Upon the arrival of the prisoners with Salaethus, the Athenians at once put the latter to
death, although he offered, among other things, to procure the withdrawal of the
Peloponnesians from Plataea, which was still under siege; and after deliberating as to what
they should do with the former, in the fury of the moment determined to put to death not
only the prisoners at Athens, but the whole adult male population of Mitylene, and to make
slaves of the women and children. It was remarked that Mitylene had revolted without
being, like the rest, subjected to the empire; and what above all swelled the wrath of the
Athenians was the fact of the Peloponnesian fleet having ventured over to Ionia to her
support, a fact which was held to argue a long meditated rebellion. They accordingly sent a
galley to communicate the decree to Paches, commanding him to lose no time in
dispatching the Mitylenians. The morrow brought repentance with it and reflection on the
horrid cruelty of a decree, which condemned a whole city to the fate merited only by the
guilty. This was no sooner perceived by the Mitylenian ambassadors at Athens and their
Athenian supporters, than they moved the authorities to put the question again to the vote;
which they the more easily consented to do, as they themselves plainly saw that most of
the citizens wished some one to give them an opportunity for reconsidering the matter. An
assembly was therefore at once called, and after much expression of opinion upon both
sides, Cleon, son of Cleaenetus, the same who had carried the former motion of putting
the Mitylenians to death, the most violent man at Athens, and at that time by far the most
powerful with the commons, came forward again and spoke as follows:
"I have often before now been convinced that a democracy is incapable of empire, and
never more so than by your present change of mind in the matter of Mitylene. Fears or
plots being unknown to you in your daily relations with each other, you feel just the same
with regard to your allies, and never reflect that the mistakes into which you may be led by
listening to their appeals, or by giving way to your own compassion, are full of danger to
yourselves, and bring you no thanks for your weakness from your allies; entirely forgetting
that your empire is a despotism and your subjects disaffected conspirators, whose
obedience is ensured not by your suicidal concessions, but by the superiority given you by
your own strength and not their loyalty. The most alarming feature in the case is the
constant change of measures with which we appear to be threatened, and our seeming
ignorance of the fact that bad laws which are never changed are better for a city than good
ones that have no authority; that unlearned loyalty is more serviceable than quick-witted
insubordination; and that ordinary men usually manage public affairs better than their more
gifted fellows. The latter are always wanting to appear wiser than the laws, and to overrule
every proposition brought forward, thinking that they cannot show their wit in more
important matters, and by such behaviour too often ruin their country; while those who
mistrust their own cleverness are content to be less learned than the laws, and less able to
pick holes in the speech of a good speaker; and being fair judges rather than rival athletes,
generally conduct affairs successfully. These we ought to imitate, instead of being led on by
cleverness and intellectual rivalry to advise your people against our real opinions.

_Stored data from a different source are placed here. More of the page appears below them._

text \<open>Otherwise \<open>exp (- k t) (W' t - M / k)\<close> is nondecreasing from \<open>t0\<close> on, so \<open>W'\<close> stays above
  a positive constant and \<open>W\<close> grows linearly.\<close>
lemma derivative_le_if_bounded:
  fixes W W' W'' :: "real \<Rightarrow> real"
  assumes k: "0 < k" and M: "0 \<le> M"
    and W: "\<And>t. (W has_real_derivative W' t) (at t)"
    and W': "\<And>t. (W' has_real_derivative W'' t) (at t)"
    and damped: "\<And>t. - M \<le> W'' t - k * W' t"
    and bdd: "\<And>t. A \<le> W t" "\<And>t. W t \<le> B"
  shows "W' t0 \<le> M / k"
proof (rule ccontr)
  assume "\<not> W' t0 \<le> M / k"
  define \<gamma> where "\<gamma> = W' t0 - M / k"
  have \<gamma>: "0 < \<gamma>" using \<open>\<not> W' t0 \<le> M / k\<close> unfolding \<gamma>_def by simp
  let ?g = "\<lambda>t. exp (- k * t) * (W' t - M / k)"
  have growth: "\<gamma> \<le> W' t" if "t0 \<le> t" for t
  proof -
    have "?g t0 \<le> ?g t"
    proof (rule DERIV_nonneg_imp_nondecreasing[OF that])
      fix x
      have "(?g has_real_derivative exp (- k * x) * (W'' x - k * W' x + M)) (at x)"
        using k by (auto intro!: derivative_eq_intros W' simp: field_simps)
      moreover have "0 \<le> exp (- k * x) * (W'' x - k * W' x + M)"
        using damped[of x] by simp
      ultimately show "\<exists>y. (?g has_real_derivative y) (at x) \<and> 0 \<le> y" by blast
    qed
    moreover have "exp (- k * t) * \<gamma> \<le> exp (- k * t0) * \<gamma>" using \<gamma> k that by simp
    ultimately have "exp (- k * t) * \<gamma> \<le> exp (- k * t) * (W' t - M / k)" unfolding \<gamma>_def by linarith
    then have "\<gamma> \<le> W' t - M / k" by simp
    then show ?thesis using M k by (smt (verit) divide_nonneg_pos)
  qed
  have "0 < (B - A + 1) / \<gamma>" using \<gamma> bdd(1)[of t0] bdd(2)[of t0] by simp
  then have "W t0 + (B - A + 1) \<le> W (t0 + (B - A + 1) / \<gamma>)"
    using linear_growth_if_derivative_ge[of W W' t0 \<gamma> "t0 + (B - A + 1) / \<gamma>", OF W growth] \<gamma> by simp
  then show False using bdd[of t0] bdd(2)[of "t0 + (B - A + 1) / \<gamma>"] by simp
qed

"For myself, I adhere to my former opinion, and wonder at those who have proposed to
reopen the case of the Mitylenians, and who are thus causing a delay which is all in favour
of the guilty, by making the sufferer proceed against the offender with the edge of his anger
blunted; although where vengeance follows most closely upon the wrong, it best equals it
and most amply requites it. I wonder also who will be the man who will maintain the
contrary, and will pretend to show that the crimes of the Mitylenians are of service to us,
and our misfortunes injurious to the allies. Such a man must plainly either have such
confidence in his rhetoric as to adventure to prove that what has been once for all decided
is still undetermined, or be bribed to try to delude us by elaborate sophisms. In such
contests the state gives the rewards to others, and takes the dangers for herself. The
persons to blame are you who are so foolish as to institute these contests; who go to see
an oration as you would to see a sight, take your facts on hearsay, judge of the
practicability of a project by the wit of its advocates, and trust for the truth as to past
events not to the fact which you saw more than to the clever strictures which you heard;
the easy victims of new-fangled arguments, unwilling to follow received conclusions; slaves
to every new paradox, despisers of the commonplace; the first wish of every man being
that he could speak himself, the next to rival those who can speak by seeming to be quite
up with their ideas by applauding every hit almost before it is made, and by being as quick
in catching an argument as you are slow in foreseeing its consequences; asking, if I may so
say, for something different from the conditions under which we live, and yet
comprehending inadequately those very conditions; very slaves to the pleasure of the ear,
and more like the audience of a rhetorician than the council of a city.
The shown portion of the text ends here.